Sunday, March 30, 2008
Amateur Review of 30 Days of Night
Before I forget what I thought about this movie which I saw the same weekend I watched this one, here are my thoughts:
30 Days of Night was released in October 2007. It stars Josh Hartnett and some chick named Melissa George. My husband really liked it. I, not so much.
I was distracted by a couple of things:
1. Josh was so GROWN. I mean, I know it has been a few years since Pearl Harbor and Black Hawk Down, but really... It was like seeing a cousin you hadn't seen in ages and still remember them as they were the last time you saw them.
2. Everyone, especially Melissa George who plays Josh's ex-wife, and the kid who plays Josh's brother needed a crate of Chap stick on their lips. Shit, I know they are in Alaska and it is friggin cold but keep that shit in your pocket and lube up your smackers once in a while.

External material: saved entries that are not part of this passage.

lemma torus_pred_succ:
  assumes "x \<in> torus_verts n d" "i < d"
  shows "torus_pred n (torus_succ n x i) i = x"
proof -
  have xi: "x ! i < n" and len: "length x = d" using assms unfolding torus_verts_def by auto
  then have n: "n \<ge> 1" by simp
  have "((x ! i + 1) mod n + n - 1) mod n = ((x ! i + 1) mod n + (n - 1)) mod n" using n by simp
  also have "\<dots> = (x ! i + 1 + (n - 1)) mod n" by (simp add: mod_add_left_eq)
  also have "x ! i + 1 + (n - 1) = x ! i + n" using n by simp
  also have "(x ! i + n) mod n = x ! i" using xi by simp
  finally have "((x ! i + 1) mod n + n - 1) mod n = x ! i" .
  then show ?thesis using assms(2) len unfolding torus_pred_def torus_succ_def by simp
qed

lemma torus_edgeE:
  assumes "e \<in> torus_edges n d"
  obtains x i where "x \<in> torus_verts n d" "i < d" "e = {x, torus_succ n x i}"
  using assms unfolding torus_edges_eq_image by auto

lemma torus_edge_subset_verts: "e \<in> torus_edges n d \<Longrightarrow> e \<subseteq> torus_verts n d"
  by (elim torus_edgeE) (auto intro: torus_succ_in_verts)

lemma torus_edge_other_end:
  assumes "e \<in> torus_edges n d" "v \<in> e" "n \<ge> 2"
  obtains w where "w \<noteq> v" "e = {v, w}"
proof -
  obtain x i where x: "x \<in> torus_verts n d" "i < d" and e: "e = {x, torus_succ n x i}"
    using assms(1) by (rule torus_edgeE)
  have ne: "torus_succ n x i \<noteq> x" using torus_succ_neq[OF x assms(3)] .
  show ?thesis
  proof (cases "v = x")
    case True
    then show ?thesis using that[of "torus_succ n x i"] ne e by simp
  next
    case False
    then show ?thesis using that[of x] ne e assms(2) by (auto simp: insert_commute)
  qed
qed

definition incident_edges :: "nat \<Rightarrow> nat \<Rightarrow> nat list \<Rightarrow> nat list set set" where
  "incident_edges n d v = {e \<in> torus_edges n d. v \<in> e}"

definition torus_neighbours :: "nat \<Rightarrow> nat \<Rightarrow> nat list \<Rightarrow> nat list set" where
  "torus_neighbours n d v = \<Union>(incident_edges n d v) - {v}"

lemma incident_edges_subset:
  assumes "v \<in> torus_verts n d"
  shows "incident_edges n d v \<subseteq>
    (\<lambda>i. {v, torus_succ n v i}) ` {..<d} \<union> (\<lambda>i. {torus_pred n v i, v}) ` {..<d}"
proof
  fix e assume "e \<in> incident_edges n d v"
  then obtain x i where x: "x \<in> torus_verts n d" "i < d" and e: "e = {x, torus_succ n x i}"
    and v: "v \<in> e"
    unfolding incident_edges_def torus_edges_eq_image by auto
  show "e \<in> (\<lambda>i. {v, torus_succ n v i}) ` {..<d} \<union> (\<lambda>i. {torus_pred n v i, v}) ` {..<d}"
  proof (cases "v = x")
    case False
    then have "v = torus_succ n x i" using v e by auto
    moreover from this have "x = torus_pred n v i" using torus_pred_succ[OF x] by simp
    ultimately show ?thesis using e x by auto
  qed (use e x in auto)
qed

lemma card_incident_edges_le:
  assumes "v \<in> torus_verts n d"
  shows "card (incident_edges n d v) \<le> 2 * d"
proof -
  have "card (incident_edges n d v) \<le>
      card ((\<lambda>i. {v, torus_succ n v i}) ` {..<d} \<union> (\<lambda>i. {torus_pred n v i, v}) ` {..<d})"
    by (rule card_mono[OF _ incident_edges_subset[OF assms]]) simp
  also have "\<dots> \<le> d + d"
    by (intro card_Un_le[THEN order_trans] add_mono card_image_le[THEN order_trans]) auto
  finally show ?thesis by simp
qed

lemma card_torus_neighbours_le:
  assumes "v \<in> torus_verts n d"
  shows "card (torus_neighbours n d v) \<le> 2 * d"
proof -
  have "torus_neighbours n d v \<subseteq> torus_succ n v ` {..<d} \<union> torus_pred n v ` {..<d}"
    using incident_edges_subset[OF assms] unfolding torus_neighbours_def by blast
  then have "card (torus_neighbours n d v) \<le> card (torus_succ n v ` {..<d} \<union> torus_pred n v ` {..<d})"
    by (rule card_mono[rotated]) simp
  also have "\<dots> \<le> d + d"
    by (intro card_Un_le[THEN order_trans] add_mono card_image_le[THEN order_trans]) auto
  finally show ?thesis by simp
qed

lemma finite_torus_neighbours: "finite (torus_neighbours n d v)"
proof (rule finite_subset[OF _ finite_torus_verts])
  show "torus_neighbours n d v \<subseteq> torus_verts n d"
    unfolding torus_neighbours_def incident_edges_def using torus_edge_subset_verts by blast
qed

lemma finite_incident_edges: "finite (incident_edges n d v)"
  unfolding incident_edges_def using finite_torus_edges by simp
section \<open>The exact moments\<close>

lemma block_step_expectation:
  assumes "\<beta> > 0" "1 \<le> s" "s \<le> n"
  shows "(\<integral>\<^sup>+y. ennreal (real (card (block_of (f(Suc n := y)) s (Suc n) e))) \<partial>fdist \<beta> (Suc n))
       = ennreal (real (card (block_of f s n e))) * ennreal (1 + 1 / denom \<beta> (Suc n))"
proof -
  let ?P = "copy_of ` block_of f s n e"
  have "card ?P = card (block_of f s n e)"
    by (rule card_image[OF inj_on_subset[OF inj_copy_of subset_UNIV]])
  then have "(\<integral>\<^sup>+y. ennreal ((real (card (block_of f s n e)) + indicator ?P y) * (1 + indicator {} y))
               \<partial>fdist \<beta> (Suc n))
           = ennreal (real (card (block_of f s n e)) * (1 + 1 / denom \<beta> (Suc n)))"
    using assms copy_of_block_in_omega[of f s n e]
    by (subst fdist_indicator_moment) (auto simp: copy_of_not_U distrib_left)
  moreover have "(\<integral>\<^sup>+y. ennreal (real (card (block_of (f(Suc n := y)) s (Suc n) e))) \<partial>fdist \<beta> (Suc n))
      = (\<integral>\<^sup>+y. ennreal ((real (card (block_of f s n e)) + indicator ?P y) * (1 + indicator {} y))
               \<partial>fdist \<beta> (Suc n))"
    using set_fdist[OF assms(1), of "Suc n"] assms
    by (intro nn_integral_cong_AE) (auto simp: AE_measure_pmf_iff card_block_of_step)
  ultimately show ?thesis using denom_pos[OF assms(1), of "Suc n"] assms by (simp add: ennreal_mult)
qed
(* Let $T>0$, $0<\epsilon\le1$, $I=(0,1)$, $\kappa^0\in\mathrm{Lip}(I)$, $\rho^0\in C_0^\infty(I)$, and let $\hat g$ be as in the context. Let $$c_1=\|(\rho^0_{xx})^2\|_{L^\infty(I)}+\|\rho^0_x\|_{L^\infty(I)}\|\rho^0_{xxx}\|_{L^\infty(I)},\qquad c_2=(\|\kappa^0_x\|_{L^\infty(I)}+1)^2,$$ and $\bar S(x,t)=\sqrt{2c_1t+c_2}$. Then $\bar S$ is an entropy super-solution of $w_t+(\hat g\,f_\epsilon(w))_x=0$ in $Q_T$ with initial datum $w(\cdot,0)=\|\kappa^0_x\|_{L^\infty(I)}+1$.
   Context: $Q_T=\mathbb{R}\times(0,T)$. $\rho$ solves $\rho_t=\rho_{xx}$ in $I\times(0,\infty)$, $\rho(\cdot,0)=\rho^0$, $\rho(0,t)=\rho(1,t)=0$; $\hat\rho$ equals $\rho$ on $[0,1]\times[0,T]$, $\hat\rho(x,t)=-\rho(2-x,t)$ for $x\in(1,2]$, extended $2$-periodically in $x$ to $\mathbb{R}\times[0,T]$; $\hat g=-\hat\rho_t\hat\rho_x$. For $a>0$, $f_a(x)=1/x$ if $x\ge a$, $f_a(x)=\frac{2a-x}{a^2+a^2(x-a)^2}$ if $x<a$. Entropy super-solution of $v_t+(gf(v))_x=0$, $v(\cdot,0)=v^0$: $v\in L^\infty(Q_T)$ with $\int_{Q_T}[\eta(v)\phi_t+\Phi(v)g\phi_x+h(v)g_x\phi]\,dx\,dt+\int_{\mathbb{R}}\eta(v^0)\phi(x,0)\,dx\ge0$ for every $\phi\in C_0^1(\mathbb{R}\times[0,T);[0,\infty))$, every non-increasing convex $\eta\in C^1$, $\Phi\in C^1$ with $\Phi'=f'\eta'$ and $h=\Phi-f\eta'$. *)

theory Defs
  imports "HOL-Analysis.Analysis" "HOL-Probability.Essential_Supremum"
begin

definition I_int :: "real set" where "I_int = {0<..<1}"

definition Linf_I :: "(real \<Rightarrow> real) \<Rightarrow> real" where
  "Linf_I u = real_of_ereal (esssup (lebesgue_on I_int) (\<lambda>x. ereal \<bar>u x\<bar>))"

definition C0_inf_I :: "(real \<Rightarrow> real) \<Rightarrow> bool" where
  "C0_inf_I u \<longleftrightarrow> (\<forall>n. \<forall>x. ((deriv ^^ n) u) differentiable (at x))
      \<and> (\<exists>a b. 0 < a \<and> a \<le> b \<and> b < 1 \<and> (\<forall>x. x \<notin> {a..b} \<longrightarrow> u x = 0))"

definition Lip_I :: "(real \<Rightarrow> real) \<Rightarrow> bool" where
  "Lip_I u \<longleftrightarrow> (\<exists>L. L-lipschitz_on I_int u)"

definition heat_solution :: "(real \<Rightarrow> real \<Rightarrow> real) \<Rightarrow> (real \<Rightarrow> real) \<Rightarrow> bool" where
  "heat_solution \<rho> \<rho>0 \<longleftrightarrow>
     continuous_on ({0..1} \<times> {0..}) (\<lambda>(x,t). \<rho> x t)
   \<and> (\<forall>x\<in>{0..1}. \<rho> x 0 = \<rho>0 x)
   \<and> (\<forall>t>0. \<rho> 0 t = 0 \<and> \<rho> 1 t = 0)
   \<and> (\<forall>x\<in>{0<..<1}. \<forall>t>0.
        (\<forall>y\<in>{0<..<1}. (\<lambda>z. \<rho> z t) differentiable (at y))
      \<and> (\<lambda>y. deriv (\<lambda>z. \<rho> z t) y) differentiable (at x)
      \<and> ((\<lambda>s. \<rho> x s) has_real_derivative
            deriv (\<lambda>y. deriv (\<lambda>z. \<rho> z t) y) x) (at t))"

text \<open>Odd reflection across x = 1 and 2-periodic extension.\<close>
definition rho_hat :: "(real \<Rightarrow> real \<Rightarrow> real) \<Rightarrow> real \<Rightarrow> real \<Rightarrow> real" where
  "rho_hat \<rho> x t = (let y = x - 2 * of_int \<lfloor>x / 2\<rfloor> in
      if y \<le> 1 then \<rho> y t else - \<rho> (2 - y) t)"

definition g_hat :: "(real \<Rightarrow> real \<Rightarrow> real) \<Rightarrow> real \<Rightarrow> real \<Rightarrow> real" where
  "g_hat \<rho> x t = - (deriv (\<lambda>s. rho_hat \<rho> x s) t * deriv (\<lambda>y. rho_hat \<rho> y t) x)"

3. The Vampires (oh yeah it's a movie about Vampires, I left that out didn't I), where just weird. The head guy, Marlow is like the unpopular, geeky, middle age guy in the next cubicle at work that you have to say hi to but gives you the creeps. Marlow speaks in a weird, ancient language and the other vampires just shriek. Annoying.
Back to the movie...
Josh is a sheriff and this weird dude (Ben Foster - who I remember from Six Feet Under as Claire art friend. Remember him?) comes ashore and starts creating havoc just as the town is shutting down for the 30 days of night. All hell breaks lose. He leads a group of survivors to a hidden attic where they will wait out the darkness.
There is dead dogs, beheading, blood galore, screaming, explosions, shrieking, feeding frenzies, ax murder, and a little vampire girl who is happily feeding on someone before she is killed. Even at the final show down I was waiting for the Lost Boys music to kick in.
None of this is enough for me to give this movie any more than a C+ and that is because I thought Josh was cute. The premise was good but the acting and directing were pathetic and the there were too many images of bloody children for my taste.